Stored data
● ● ● ● ● ● ●

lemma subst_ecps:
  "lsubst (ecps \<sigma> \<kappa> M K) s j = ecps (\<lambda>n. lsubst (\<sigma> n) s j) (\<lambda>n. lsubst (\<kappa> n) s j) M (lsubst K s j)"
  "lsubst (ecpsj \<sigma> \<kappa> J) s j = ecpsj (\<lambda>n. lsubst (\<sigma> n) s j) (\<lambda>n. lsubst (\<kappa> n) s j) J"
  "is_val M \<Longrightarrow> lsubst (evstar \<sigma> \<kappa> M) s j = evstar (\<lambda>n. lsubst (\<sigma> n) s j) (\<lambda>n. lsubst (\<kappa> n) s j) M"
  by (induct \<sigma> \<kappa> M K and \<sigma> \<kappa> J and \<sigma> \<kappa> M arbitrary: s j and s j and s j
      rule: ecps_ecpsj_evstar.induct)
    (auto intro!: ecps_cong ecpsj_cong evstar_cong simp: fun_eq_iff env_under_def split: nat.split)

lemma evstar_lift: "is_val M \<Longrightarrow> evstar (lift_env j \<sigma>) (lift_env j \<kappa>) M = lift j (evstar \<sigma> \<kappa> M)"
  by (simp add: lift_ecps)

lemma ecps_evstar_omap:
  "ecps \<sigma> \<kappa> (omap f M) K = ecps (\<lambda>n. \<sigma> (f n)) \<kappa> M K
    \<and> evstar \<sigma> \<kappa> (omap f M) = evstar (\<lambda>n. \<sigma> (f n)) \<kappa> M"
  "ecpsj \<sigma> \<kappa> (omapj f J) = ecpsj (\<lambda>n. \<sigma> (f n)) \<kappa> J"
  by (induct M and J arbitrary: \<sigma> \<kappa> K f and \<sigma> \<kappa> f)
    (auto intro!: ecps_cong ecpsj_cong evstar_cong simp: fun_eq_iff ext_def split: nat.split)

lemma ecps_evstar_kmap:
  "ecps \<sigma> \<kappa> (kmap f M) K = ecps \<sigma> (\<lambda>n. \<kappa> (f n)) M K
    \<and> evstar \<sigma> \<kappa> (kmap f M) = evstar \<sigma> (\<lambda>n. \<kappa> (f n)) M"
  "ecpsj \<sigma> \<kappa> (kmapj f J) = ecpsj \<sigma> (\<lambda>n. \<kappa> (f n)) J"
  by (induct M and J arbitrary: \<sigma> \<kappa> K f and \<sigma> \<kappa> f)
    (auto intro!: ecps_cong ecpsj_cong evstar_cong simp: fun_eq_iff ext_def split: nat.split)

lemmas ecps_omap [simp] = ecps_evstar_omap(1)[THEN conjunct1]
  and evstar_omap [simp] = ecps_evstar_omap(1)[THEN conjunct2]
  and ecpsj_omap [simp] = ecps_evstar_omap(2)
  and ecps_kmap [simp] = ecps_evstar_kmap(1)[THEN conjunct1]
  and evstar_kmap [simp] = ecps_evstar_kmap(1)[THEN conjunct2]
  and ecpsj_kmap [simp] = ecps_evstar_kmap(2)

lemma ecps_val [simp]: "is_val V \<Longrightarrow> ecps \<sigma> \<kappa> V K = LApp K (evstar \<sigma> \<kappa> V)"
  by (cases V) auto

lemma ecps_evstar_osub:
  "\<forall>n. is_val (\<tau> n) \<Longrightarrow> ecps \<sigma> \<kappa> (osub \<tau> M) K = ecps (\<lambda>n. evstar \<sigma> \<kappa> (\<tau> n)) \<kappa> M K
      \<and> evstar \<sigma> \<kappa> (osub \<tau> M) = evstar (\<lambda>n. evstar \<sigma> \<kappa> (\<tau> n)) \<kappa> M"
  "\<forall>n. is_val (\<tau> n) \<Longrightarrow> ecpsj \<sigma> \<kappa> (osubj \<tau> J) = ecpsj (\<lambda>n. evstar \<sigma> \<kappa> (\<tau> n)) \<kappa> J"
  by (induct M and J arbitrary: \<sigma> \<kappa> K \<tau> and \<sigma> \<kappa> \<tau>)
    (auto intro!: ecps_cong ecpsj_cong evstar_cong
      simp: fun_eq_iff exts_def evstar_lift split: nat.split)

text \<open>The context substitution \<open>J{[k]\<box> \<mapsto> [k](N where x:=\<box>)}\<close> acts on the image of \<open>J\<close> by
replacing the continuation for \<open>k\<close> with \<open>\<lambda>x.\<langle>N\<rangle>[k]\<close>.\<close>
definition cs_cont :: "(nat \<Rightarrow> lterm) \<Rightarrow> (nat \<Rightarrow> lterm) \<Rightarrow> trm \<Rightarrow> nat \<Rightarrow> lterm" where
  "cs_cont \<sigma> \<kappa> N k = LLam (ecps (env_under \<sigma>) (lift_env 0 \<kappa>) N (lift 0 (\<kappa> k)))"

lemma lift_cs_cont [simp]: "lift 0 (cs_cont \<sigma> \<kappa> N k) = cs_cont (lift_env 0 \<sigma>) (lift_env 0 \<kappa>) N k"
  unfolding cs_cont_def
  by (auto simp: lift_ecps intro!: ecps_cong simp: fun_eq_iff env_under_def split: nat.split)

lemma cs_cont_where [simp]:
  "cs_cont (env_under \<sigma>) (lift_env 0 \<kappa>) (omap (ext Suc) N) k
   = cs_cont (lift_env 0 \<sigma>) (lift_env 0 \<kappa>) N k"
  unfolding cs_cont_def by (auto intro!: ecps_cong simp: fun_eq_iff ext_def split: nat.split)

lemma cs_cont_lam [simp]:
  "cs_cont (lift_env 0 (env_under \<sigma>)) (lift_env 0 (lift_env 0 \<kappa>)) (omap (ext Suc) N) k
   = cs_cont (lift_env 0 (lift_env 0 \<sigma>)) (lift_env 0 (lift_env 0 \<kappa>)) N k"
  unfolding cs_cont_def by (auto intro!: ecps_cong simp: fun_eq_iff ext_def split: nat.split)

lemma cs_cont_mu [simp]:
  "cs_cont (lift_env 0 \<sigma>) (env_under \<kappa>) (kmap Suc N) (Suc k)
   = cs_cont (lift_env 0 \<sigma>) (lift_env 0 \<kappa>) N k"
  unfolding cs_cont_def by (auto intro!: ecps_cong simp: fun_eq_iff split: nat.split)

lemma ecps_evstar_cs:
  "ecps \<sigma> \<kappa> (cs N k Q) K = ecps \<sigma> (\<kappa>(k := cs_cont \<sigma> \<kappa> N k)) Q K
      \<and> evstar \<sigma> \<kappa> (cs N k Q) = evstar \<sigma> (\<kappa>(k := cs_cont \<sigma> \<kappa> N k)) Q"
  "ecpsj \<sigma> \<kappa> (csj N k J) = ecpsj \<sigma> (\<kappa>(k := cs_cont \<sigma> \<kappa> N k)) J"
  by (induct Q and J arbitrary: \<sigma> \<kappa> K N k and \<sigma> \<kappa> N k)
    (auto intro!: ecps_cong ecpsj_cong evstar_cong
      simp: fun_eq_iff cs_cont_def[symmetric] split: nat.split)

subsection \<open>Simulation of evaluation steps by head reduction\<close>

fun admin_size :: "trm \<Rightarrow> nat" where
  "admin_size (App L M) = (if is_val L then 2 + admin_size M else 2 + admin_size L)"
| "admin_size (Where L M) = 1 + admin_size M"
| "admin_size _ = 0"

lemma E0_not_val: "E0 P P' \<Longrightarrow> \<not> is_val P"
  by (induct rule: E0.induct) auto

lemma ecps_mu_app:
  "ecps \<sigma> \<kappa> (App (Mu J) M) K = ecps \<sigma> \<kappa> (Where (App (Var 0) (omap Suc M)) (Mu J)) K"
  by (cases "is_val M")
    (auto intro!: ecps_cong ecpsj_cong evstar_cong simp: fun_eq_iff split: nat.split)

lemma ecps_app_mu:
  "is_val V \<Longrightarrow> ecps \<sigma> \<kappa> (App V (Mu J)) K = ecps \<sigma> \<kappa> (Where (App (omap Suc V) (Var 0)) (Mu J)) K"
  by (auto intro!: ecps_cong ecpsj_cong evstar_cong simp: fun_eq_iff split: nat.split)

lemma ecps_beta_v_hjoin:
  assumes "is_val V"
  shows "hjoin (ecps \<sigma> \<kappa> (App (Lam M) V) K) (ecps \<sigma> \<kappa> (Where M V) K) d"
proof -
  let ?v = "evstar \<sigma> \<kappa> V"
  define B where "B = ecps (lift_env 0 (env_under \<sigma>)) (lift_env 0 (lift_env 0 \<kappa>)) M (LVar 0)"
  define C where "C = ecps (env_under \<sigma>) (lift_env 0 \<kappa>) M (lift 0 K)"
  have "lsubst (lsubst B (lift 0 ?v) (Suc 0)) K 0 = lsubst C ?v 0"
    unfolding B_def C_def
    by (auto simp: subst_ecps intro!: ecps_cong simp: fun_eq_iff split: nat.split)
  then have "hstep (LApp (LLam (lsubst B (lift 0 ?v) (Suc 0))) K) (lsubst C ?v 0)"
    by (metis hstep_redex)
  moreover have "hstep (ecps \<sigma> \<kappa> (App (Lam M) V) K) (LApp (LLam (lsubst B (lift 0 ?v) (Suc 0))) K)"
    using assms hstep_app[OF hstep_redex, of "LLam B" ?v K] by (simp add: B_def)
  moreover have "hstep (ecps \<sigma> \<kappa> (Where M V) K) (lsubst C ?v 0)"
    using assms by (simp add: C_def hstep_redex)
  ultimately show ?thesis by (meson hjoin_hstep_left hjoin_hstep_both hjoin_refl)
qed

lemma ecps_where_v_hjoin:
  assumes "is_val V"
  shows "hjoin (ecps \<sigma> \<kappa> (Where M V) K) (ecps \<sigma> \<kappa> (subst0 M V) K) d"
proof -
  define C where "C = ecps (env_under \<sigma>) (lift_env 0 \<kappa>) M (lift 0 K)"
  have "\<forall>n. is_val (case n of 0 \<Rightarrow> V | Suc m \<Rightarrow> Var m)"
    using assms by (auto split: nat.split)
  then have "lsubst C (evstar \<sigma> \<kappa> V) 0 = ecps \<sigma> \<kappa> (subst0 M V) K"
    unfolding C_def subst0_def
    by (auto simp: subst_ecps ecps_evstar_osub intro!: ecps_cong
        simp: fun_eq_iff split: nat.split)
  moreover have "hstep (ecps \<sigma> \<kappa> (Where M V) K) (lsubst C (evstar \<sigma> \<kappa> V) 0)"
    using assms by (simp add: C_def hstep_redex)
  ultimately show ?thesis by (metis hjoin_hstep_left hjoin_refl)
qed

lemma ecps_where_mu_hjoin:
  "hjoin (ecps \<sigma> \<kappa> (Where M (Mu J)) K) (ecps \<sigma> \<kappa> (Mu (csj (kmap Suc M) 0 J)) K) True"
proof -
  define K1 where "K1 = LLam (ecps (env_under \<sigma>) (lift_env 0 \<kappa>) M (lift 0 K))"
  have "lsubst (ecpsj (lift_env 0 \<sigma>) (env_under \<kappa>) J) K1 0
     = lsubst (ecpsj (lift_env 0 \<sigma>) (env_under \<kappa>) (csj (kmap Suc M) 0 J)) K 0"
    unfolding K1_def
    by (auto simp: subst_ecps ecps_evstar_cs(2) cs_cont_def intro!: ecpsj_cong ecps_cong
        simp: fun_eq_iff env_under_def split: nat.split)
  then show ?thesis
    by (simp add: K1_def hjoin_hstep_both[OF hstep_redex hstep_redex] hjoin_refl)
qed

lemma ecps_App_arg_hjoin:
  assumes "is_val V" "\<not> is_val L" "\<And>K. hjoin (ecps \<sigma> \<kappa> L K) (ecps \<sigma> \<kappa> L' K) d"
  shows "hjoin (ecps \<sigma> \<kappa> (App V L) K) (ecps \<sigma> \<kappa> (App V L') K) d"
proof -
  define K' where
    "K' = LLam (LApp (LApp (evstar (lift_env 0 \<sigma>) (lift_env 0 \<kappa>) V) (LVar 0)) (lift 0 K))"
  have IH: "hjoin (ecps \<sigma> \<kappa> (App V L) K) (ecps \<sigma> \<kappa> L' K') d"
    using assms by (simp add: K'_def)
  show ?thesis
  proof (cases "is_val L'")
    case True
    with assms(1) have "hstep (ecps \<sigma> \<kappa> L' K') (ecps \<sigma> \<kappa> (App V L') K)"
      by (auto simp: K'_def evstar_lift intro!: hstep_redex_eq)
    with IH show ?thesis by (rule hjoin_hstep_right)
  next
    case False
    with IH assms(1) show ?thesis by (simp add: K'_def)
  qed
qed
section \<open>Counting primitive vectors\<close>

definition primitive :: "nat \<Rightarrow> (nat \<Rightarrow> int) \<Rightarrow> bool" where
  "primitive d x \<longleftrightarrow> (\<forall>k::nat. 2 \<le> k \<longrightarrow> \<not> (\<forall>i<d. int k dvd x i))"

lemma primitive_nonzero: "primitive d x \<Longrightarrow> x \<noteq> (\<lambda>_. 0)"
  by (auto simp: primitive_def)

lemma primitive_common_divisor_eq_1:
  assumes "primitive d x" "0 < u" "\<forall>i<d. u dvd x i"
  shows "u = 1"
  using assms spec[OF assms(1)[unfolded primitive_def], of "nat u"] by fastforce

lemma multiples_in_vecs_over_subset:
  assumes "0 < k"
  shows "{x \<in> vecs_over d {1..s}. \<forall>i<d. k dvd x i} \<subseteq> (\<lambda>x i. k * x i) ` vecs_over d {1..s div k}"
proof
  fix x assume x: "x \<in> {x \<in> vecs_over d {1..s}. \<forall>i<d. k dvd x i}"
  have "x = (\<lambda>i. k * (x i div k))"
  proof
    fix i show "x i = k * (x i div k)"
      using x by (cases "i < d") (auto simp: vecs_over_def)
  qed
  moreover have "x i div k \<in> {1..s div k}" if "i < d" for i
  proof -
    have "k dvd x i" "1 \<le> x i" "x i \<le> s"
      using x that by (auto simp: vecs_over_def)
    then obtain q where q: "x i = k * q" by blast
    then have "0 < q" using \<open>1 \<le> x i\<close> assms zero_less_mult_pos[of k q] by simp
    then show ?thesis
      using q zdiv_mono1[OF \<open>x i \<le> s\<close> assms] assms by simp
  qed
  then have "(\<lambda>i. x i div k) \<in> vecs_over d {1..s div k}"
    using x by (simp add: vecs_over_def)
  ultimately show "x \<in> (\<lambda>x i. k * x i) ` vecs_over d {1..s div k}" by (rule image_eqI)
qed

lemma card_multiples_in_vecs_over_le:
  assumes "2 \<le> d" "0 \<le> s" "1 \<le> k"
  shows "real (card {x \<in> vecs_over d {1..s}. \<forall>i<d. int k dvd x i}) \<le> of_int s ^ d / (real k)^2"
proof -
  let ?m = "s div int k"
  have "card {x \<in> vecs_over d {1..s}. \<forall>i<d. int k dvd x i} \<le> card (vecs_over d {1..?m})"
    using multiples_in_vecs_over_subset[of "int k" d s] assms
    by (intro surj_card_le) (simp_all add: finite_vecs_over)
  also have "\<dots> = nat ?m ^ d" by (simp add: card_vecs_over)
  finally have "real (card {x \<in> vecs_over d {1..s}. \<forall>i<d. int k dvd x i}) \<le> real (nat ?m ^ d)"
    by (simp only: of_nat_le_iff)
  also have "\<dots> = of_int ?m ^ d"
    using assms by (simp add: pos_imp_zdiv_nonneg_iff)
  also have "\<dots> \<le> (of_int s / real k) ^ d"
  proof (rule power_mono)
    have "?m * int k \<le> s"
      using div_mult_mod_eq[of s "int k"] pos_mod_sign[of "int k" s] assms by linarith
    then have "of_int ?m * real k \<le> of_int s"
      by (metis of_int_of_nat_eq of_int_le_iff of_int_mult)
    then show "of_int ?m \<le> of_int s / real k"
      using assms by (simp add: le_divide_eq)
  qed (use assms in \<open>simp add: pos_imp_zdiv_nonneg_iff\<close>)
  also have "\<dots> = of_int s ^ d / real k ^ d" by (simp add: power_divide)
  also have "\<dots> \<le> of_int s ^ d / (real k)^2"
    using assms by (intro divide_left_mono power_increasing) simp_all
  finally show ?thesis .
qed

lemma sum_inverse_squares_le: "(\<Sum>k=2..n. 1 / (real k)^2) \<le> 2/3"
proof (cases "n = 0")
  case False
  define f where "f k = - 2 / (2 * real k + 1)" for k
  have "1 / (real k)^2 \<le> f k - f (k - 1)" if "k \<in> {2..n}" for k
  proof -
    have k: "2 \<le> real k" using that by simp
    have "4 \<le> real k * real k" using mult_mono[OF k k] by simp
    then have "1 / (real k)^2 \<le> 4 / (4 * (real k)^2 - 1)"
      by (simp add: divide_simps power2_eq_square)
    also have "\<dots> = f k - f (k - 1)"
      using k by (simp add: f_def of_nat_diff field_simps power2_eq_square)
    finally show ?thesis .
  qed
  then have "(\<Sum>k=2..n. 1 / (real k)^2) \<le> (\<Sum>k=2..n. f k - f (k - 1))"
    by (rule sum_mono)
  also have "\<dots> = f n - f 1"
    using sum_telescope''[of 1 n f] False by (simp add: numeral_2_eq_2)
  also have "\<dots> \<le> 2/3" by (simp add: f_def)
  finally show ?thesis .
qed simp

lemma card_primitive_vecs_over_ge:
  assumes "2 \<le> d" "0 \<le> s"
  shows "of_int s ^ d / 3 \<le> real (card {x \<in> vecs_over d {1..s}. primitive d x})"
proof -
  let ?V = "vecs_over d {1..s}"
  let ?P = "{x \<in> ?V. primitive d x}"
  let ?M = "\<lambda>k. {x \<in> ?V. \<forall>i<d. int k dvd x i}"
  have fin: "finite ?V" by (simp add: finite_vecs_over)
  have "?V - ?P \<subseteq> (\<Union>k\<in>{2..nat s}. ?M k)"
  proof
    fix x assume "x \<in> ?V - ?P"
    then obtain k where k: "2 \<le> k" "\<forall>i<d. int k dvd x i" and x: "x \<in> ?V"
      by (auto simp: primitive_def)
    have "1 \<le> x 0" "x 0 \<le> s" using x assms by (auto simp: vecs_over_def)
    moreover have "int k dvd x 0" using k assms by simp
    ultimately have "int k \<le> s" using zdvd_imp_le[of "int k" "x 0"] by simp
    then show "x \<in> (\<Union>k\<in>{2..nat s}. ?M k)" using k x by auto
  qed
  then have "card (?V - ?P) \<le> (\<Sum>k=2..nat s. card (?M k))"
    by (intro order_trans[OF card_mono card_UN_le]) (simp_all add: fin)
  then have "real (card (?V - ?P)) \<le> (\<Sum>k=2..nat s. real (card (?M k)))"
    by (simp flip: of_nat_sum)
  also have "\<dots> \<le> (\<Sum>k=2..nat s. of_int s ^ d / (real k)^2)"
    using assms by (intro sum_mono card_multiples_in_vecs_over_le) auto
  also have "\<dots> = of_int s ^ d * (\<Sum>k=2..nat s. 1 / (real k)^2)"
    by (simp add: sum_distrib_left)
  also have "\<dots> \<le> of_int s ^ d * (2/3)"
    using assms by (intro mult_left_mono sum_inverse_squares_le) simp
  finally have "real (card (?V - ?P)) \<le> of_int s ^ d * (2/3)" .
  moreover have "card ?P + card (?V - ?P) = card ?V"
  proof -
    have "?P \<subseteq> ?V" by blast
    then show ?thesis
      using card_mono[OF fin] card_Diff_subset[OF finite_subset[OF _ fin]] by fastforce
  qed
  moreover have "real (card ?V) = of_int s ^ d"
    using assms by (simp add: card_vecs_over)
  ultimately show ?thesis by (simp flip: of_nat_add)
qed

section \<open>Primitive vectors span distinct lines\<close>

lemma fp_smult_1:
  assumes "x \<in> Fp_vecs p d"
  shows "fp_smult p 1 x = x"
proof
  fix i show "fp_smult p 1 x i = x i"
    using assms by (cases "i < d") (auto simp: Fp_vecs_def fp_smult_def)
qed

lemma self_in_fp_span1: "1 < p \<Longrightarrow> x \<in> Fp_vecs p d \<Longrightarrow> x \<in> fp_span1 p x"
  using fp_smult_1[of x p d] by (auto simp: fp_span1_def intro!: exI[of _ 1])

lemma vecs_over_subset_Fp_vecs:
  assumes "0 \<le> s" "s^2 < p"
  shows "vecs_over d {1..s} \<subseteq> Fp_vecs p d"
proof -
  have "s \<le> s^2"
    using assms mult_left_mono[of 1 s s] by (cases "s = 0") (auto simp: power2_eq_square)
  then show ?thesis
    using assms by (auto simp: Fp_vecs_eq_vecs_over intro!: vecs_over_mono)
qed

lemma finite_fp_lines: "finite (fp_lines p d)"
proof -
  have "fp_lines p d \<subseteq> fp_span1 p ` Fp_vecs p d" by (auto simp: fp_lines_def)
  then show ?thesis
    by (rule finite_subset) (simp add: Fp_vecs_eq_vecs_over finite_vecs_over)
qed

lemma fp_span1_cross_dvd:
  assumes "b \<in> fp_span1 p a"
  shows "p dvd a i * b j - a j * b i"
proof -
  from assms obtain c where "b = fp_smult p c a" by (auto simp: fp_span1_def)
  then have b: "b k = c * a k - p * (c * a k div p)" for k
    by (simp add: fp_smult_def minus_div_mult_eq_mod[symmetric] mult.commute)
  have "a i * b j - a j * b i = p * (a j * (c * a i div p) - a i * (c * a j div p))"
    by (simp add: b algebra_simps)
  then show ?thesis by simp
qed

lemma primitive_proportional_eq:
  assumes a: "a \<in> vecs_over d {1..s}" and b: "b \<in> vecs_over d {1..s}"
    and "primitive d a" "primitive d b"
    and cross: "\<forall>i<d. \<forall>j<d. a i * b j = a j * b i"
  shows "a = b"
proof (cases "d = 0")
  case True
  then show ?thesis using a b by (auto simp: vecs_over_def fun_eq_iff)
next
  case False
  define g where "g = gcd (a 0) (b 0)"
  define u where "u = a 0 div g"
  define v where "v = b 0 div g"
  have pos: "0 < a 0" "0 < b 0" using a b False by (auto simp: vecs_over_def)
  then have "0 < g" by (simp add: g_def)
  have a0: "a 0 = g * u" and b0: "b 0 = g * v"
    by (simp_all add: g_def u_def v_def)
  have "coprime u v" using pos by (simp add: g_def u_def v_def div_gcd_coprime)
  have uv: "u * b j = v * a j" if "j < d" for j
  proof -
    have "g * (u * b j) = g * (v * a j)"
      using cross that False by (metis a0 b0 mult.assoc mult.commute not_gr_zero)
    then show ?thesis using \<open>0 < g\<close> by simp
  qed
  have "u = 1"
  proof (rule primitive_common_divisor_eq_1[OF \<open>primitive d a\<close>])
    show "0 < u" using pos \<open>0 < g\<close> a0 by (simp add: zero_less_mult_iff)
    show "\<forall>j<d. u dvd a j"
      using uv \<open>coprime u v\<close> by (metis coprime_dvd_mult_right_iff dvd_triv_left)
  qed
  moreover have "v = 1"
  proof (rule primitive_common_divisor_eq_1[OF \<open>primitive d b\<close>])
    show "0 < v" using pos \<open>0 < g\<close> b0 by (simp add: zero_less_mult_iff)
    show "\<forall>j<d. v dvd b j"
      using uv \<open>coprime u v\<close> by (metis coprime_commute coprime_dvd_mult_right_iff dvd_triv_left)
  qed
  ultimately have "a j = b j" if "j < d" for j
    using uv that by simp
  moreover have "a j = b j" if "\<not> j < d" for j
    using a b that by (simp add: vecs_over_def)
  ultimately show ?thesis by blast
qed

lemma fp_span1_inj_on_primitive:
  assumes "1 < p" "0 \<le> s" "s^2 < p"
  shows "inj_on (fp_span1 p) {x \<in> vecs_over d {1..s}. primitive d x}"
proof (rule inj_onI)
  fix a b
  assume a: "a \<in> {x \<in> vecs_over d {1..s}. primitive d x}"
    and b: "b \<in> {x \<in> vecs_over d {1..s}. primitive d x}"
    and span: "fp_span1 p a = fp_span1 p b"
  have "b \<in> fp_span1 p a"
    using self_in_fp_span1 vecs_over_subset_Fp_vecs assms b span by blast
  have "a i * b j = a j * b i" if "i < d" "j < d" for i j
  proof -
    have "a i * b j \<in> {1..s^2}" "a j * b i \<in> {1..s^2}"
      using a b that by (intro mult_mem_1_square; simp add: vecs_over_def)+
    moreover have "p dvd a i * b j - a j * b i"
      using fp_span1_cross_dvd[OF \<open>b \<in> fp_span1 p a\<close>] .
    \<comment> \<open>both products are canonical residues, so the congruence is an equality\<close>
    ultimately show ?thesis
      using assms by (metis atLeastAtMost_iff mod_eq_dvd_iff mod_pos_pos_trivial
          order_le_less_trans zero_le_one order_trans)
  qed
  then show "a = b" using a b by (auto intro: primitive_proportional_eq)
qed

● ● ● ● ● ● ●

**WHAT IS REQUIRED:**
Return every line holding the word "finally" from the records.

**RESPONSE AREA:**
  finally have "real (card {x \<in> vecs_over d {1..s}. \<forall>i<d. int k dvd x i}) \<le> real (nat ?m ^ d)"
  finally show ?thesis .
    finally show ?thesis .
  finally show ?thesis .
  finally have "real (card (?V - ?P)) \<le> of_int s ^ d * (2/3)" .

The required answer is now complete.